Diana tak menunggu lama, cukup sepuluh menit sebelum seorang pria menarik kursi yang berada di depannya dan duduk tenang di sana.

"Jadi, apa yang ingin kau bicarakan, Ernest!" Diana masih menumpukan tatapan pada pandangan luar. Ia tak terlalu tertarik untuk menjatuhkan tatapannya pada sosok pria tersebut.

"Kau to the point sekali!" Pria yang memiliki paras rupawan tersebut tampak merengut lucu, namun cukup menjengkelkan bagi Diana. 

Gadis itu tak pernah ingin dekat dengan pria bernama Ernest tersebut, karna ia sangat mengenali bagaimana karakternya di balik wajah tampan yang tampak memikat.

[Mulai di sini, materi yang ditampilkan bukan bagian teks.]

lemma prod_mset_linear_factors_dvd:
  fixes p :: "'a :: idom poly"
  assumes "p \<noteq> 0" and "\<And>x. count M x \<le> Polynomial.order x p"
  shows "(\<Prod>y\<in>#M. [:-y, 1:]) dvd p"
  using assms(2)
proof (induction M)
  case (add x M)
  have "(\<Prod>y\<in>#M. [:-y, 1:]) dvd p"
  proof (rule add.IH)
    show "count M z \<le> Polynomial.order z p" for z
      using add.prems[of z] by (simp split: if_splits)
  qed
  then obtain q where pq: "p = (\<Prod>y\<in>#M. [:-y, 1:]) * q" by blast
  with assms(1) have "Polynomial.order x p = count M x + Polynomial.order x q"
    by (simp add: order_mult order_prod_mset_linear_factors)
  with add.prems[of x] have "[:-x, 1:] ^ 1 dvd q"
    by (intro order_divides[THEN iffD2]) auto
  then obtain q' where "q = [:-x, 1:] * q'" by auto
  with pq have "p = ([:-x, 1:] * (\<Prod>y\<in>#M. [:-y, 1:])) * q'"
    by (simp only: ac_simps)
  then show ?case
    unfolding image_mset_add_mset prod_mset.add_mset by (rule dvdI)
qed simp
lemma tmodule_add_assoc:
  "x \<in> mcarrier E \<Longrightarrow> y \<in> mcarrier E \<Longrightarrow> z \<in> mcarrier E \<Longrightarrow>
   madd E (madd E x y) z = madd E x (madd E y z)"
  using module unfolding tmodule_def by (elim conjE) blast

lemma tmodule_add_commute: "x \<in> mcarrier E \<Longrightarrow> y \<in> mcarrier E \<Longrightarrow> madd E x y = madd E y x"
  using module unfolding tmodule_def by (elim conjE) blast

lemma tmodule_zero_add: "x \<in> mcarrier E \<Longrightarrow> madd E (mzero E) x = x"
  using module unfolding tmodule_def by (elim conjE) blast

lemma tmodule_add_zero: "x \<in> mcarrier E \<Longrightarrow> madd E x (mzero E) = x"
  using tmodule_add_commute tmodule_zero_add tmodule_zero_closed by metis

lemma tmodule_add_neg: "x \<in> mcarrier E \<Longrightarrow> madd E x (msmul E (-1) x) = mzero E"
  using module unfolding tmodule_def by (elim conjE) blast

lemma tmodule_smul_one: "x \<in> mcarrier E \<Longrightarrow> msmul E 1 x = x"
  using module unfolding tmodule_def by (elim conjE) blast

lemma tmodule_smul_mult: "x \<in> mcarrier E \<Longrightarrow> msmul E (r * s) x = msmul E r (msmul E s x)"
  using module unfolding tmodule_def by (elim conjE) blast

lemma tmodule_add_smul:
  "x \<in> mcarrier E \<Longrightarrow> msmul E (r + s) x = madd E (msmul E r x) (msmul E s x)"
  using module unfolding tmodule_def by (elim conjE) blast

lemma tmodule_smul_add:
  "x \<in> mcarrier E \<Longrightarrow> y \<in> mcarrier E \<Longrightarrow>
   msmul E r (madd E x y) = madd E (msmul E r x) (msmul E r y)"
  using module unfolding tmodule_def by simp

lemma tmodule_topspace: "topspace (mtop E) = mcarrier E"
  using module unfolding tmodule_def by (elim conjE) blast

lemma tmodule_smul_zero:
  assumes x: "x \<in> mcarrier E"
  shows "msmul E 0 x = mzero E"
proof -
  let ?y = "msmul E 0 x"
  have y: "?y \<in> mcarrier E" using x tmodule_smul_closed by blast
  have "madd E ?y ?y = ?y" using tmodule_add_smul[OF x, of 0 0] by simp
  then have "mzero E = madd E (madd E ?y ?y) (msmul E (-1) ?y)"
    using tmodule_add_neg[OF y] by simp
  also have "\<dots> = madd E ?y (mzero E)"
    using tmodule_add_assoc tmodule_add_neg y tmodule_smul_closed by simp
  also have "\<dots> = ?y" using tmodule_add_zero y by blast
  finally show ?thesis by simp
qed

lemma tmodule_sub_add_sub:
  assumes a: "a \<in> mcarrier E" and b: "b \<in> mcarrier E" and c: "c \<in> mcarrier E"
  shows "madd E (msub E a b) (msub E b c) = msub E a c"
proof -
  have nb: "msmul E (-1) b \<in> mcarrier E" and nc: "msmul E (-1) c \<in> mcarrier E"
    using b c tmodule_smul_closed by blast+
  have "madd E (msub E a b) (msub E b c)
      = madd E a (madd E (madd E (msmul E (-1) b) b) (msmul E (-1) c))"
    unfolding msub_def using tmodule_add_assoc a nb b nc tmodule_add_closed by simp
  also have "madd E (msmul E (-1) b) b = mzero E"
    using tmodule_add_commute[OF nb b] tmodule_add_neg[OF b] by simp
  finally show ?thesis unfolding msub_def using tmodule_zero_add nc by simp
qed

lemma tmodule_add_smul_add:
  "x \<in> mcarrier E \<Longrightarrow> v \<in> mcarrier E \<Longrightarrow> w \<in> mcarrier E \<Longrightarrow>
   madd E (madd E x (msmul E t v)) (msmul E t w) = madd E x (msmul E t (madd E v w))"
  using tmodule_add_assoc tmodule_smul_closed tmodule_smul_add by simp

lemma tmodule_smul_unit_cancel:
  assumes "s * t = 1" and p: "p \<in> mcarrier E" and q: "q \<in> mcarrier E"
    and eq: "msmul E t p = msmul E t q"
  shows "p = q"
  by (metis assms tmodule_smul_mult tmodule_smul_one)

end

locale c0_setting =
  fixes TK :: "'k::comm_ring_1 topology" and C :: "('k, 'a) c0data"
  assumes concept: "c0_concept TK C"
begin

lemma structure_axioms: "c0_structure TK C" and C0_maps_axioms: "c0_maps_ax C"
  and axioms_I: "ax_I TK C" and axioms_II: "ax_II C" and axioms_III: "ax_III C"
  using concept unfolding c0_concept_def by simp_all

lemma tmodule_M: "E \<in> cM C \<Longrightarrow> tmodule E"
  using structure_axioms unfolding c0_structure_def by (elim conjE) blast

lemma K_in_M: "cK C \<in> cM C"
  using structure_axioms unfolding c0_structure_def by (elim conjE) blast

lemma prod_in_M: "E1 \<in> cM C \<Longrightarrow> E2 \<in> cM C \<Longrightarrow> cprod C E1 E2 \<in> cM C"
  using structure_axioms unfolding c0_structure_def by (elim conjE) blast
lemma
  assumes Y: "Y \<in> borel_measurable M" and law: "distr M borel Y = centered_normal v" and v: "0 < v"
  shows integrable_centered_normal_power: "integrable M (\<lambda>\<omega>. Y \<omega> ^ q)"
    and integral_centered_normal_even_power: "(\<integral>\<omega>. Y \<omega> ^ (2*p) \<partial>M) = std_normal_moment p * v ^ p"
proof -
  have law': "distr M borel Y = density lborel (normal_density 0 (sqrt v))"
    using law v by (simp add: centered_normal_def)
  have "integrable lborel (\<lambda>x. normal_density 0 (sqrt v) x * x ^ q)"
    using integrable_normal_moment[of "sqrt v" 0 q] v by simp
  then have "integrable (density lborel (normal_density 0 (sqrt v))) (\<lambda>x. x ^ q)"
    by (subst integrable_density) auto
  then show "integrable M (\<lambda>\<omega>. Y \<omega> ^ q)"
    using Y by (simp flip: law' add: integrable_distr_eq)
  have "(\<integral>\<omega>. Y \<omega> ^ (2*p) \<partial>M) = (\<integral>x. x ^ (2*p) \<partial>density lborel (normal_density 0 (sqrt v)))"
    using Y law' by (subst integral_distr[symmetric]) auto
  also have "\<dots> = (\<integral>x. normal_density 0 (sqrt v) x * (x - 0) ^ (2*p) \<partial>lborel)"
    by (subst integral_density) auto
  also have "\<dots> = fact (2*p) / ((2 / (sqrt v)\<^sup>2) ^ p * fact p)"
    using v by (intro integral_normal_moment_even) simp
  also have "\<dots> = std_normal_moment p * v ^ p"
    using v by (simp add: std_normal_moment_def field_simps power_divide)
  finally show "(\<integral>\<omega>. Y \<omega> ^ (2*p) \<partial>M) = std_normal_moment p * v ^ p" .
qed

lemma (in sigma_finite_subalgebra) nn_integral_cond_exp_even_power_le:
  assumes "integrable M Y" "integrable M (\<lambda>\<omega>. Y \<omega> ^ (2*p))"
  shows "(\<integral>\<^sup>+\<omega>. ennreal (real_cond_exp M F Y \<omega> ^ (2*p)) \<partial>M) \<le> ennreal (\<integral>\<omega>. Y \<omega> ^ (2*p) \<partial>M)"
proof -
  have jensen: "AE \<omega> in M. real_cond_exp M F Y \<omega> ^ (2*p) \<le> real_cond_exp M F (\<lambda>\<omega>. Y \<omega> ^ (2*p)) \<omega>"
    using assms by (intro real_cond_exp_jensens_inequality(2)[where I=UNIV]) (auto intro: convex_power_even)
  have "(\<integral>\<^sup>+\<omega>. ennreal (real_cond_exp M F Y \<omega> ^ (2*p)) \<partial>M)
      \<le> (\<integral>\<^sup>+\<omega>. ennreal (real_cond_exp M F (\<lambda>\<omega>. Y \<omega> ^ (2*p)) \<omega>) \<partial>M)"
    using jensen by (intro nn_integral_mono_AE) (auto elim!: eventually_mono intro: ennreal_leI)
  also have "\<dots> = ennreal (\<integral>\<omega>. real_cond_exp M F (\<lambda>\<omega>. Y \<omega> ^ (2*p)) \<omega> \<partial>M)"
    using jensen assms(2)
    by (intro nn_integral_eq_integral) (auto elim!: eventually_mono intro: order.trans[rotated] simp: zero_le_even_power)
  also have "\<dots> = ennreal (\<integral>\<omega>. Y \<omega> ^ (2*p) \<partial>M)"
    using assms(2) by (simp add: real_cond_exp_int(2))
  finally show ?thesis .
qed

"Aku tidak pernah suka basa-basi," sahut Diana lugas tanpa sekalipun mengalihkan mata. Pandangan luar lebih menarik daripada wajah menjengkelkan yang tak ingin ia jumpai saat ini.

Ernest sendiri tak tersinggung dengan sikap dingin Diana. Lagipula ia sendiri tahu bahwa gadis itu tak menyukainya untuk alasan lain. 

"Aku hanya ingin mengatakan untuk tak terlalu ikut campur dalam hubunganku dengan Devina," Ernest menyamankan duduknya sembari mengamati bagaimana raut Diana mulai mengeras. Kini atensi gadis itu sepenuhnya teralihkan pada Ernest. Bahkan gadis itu memberikan tatapan tajam yang mampu membuat siapapun bergidik.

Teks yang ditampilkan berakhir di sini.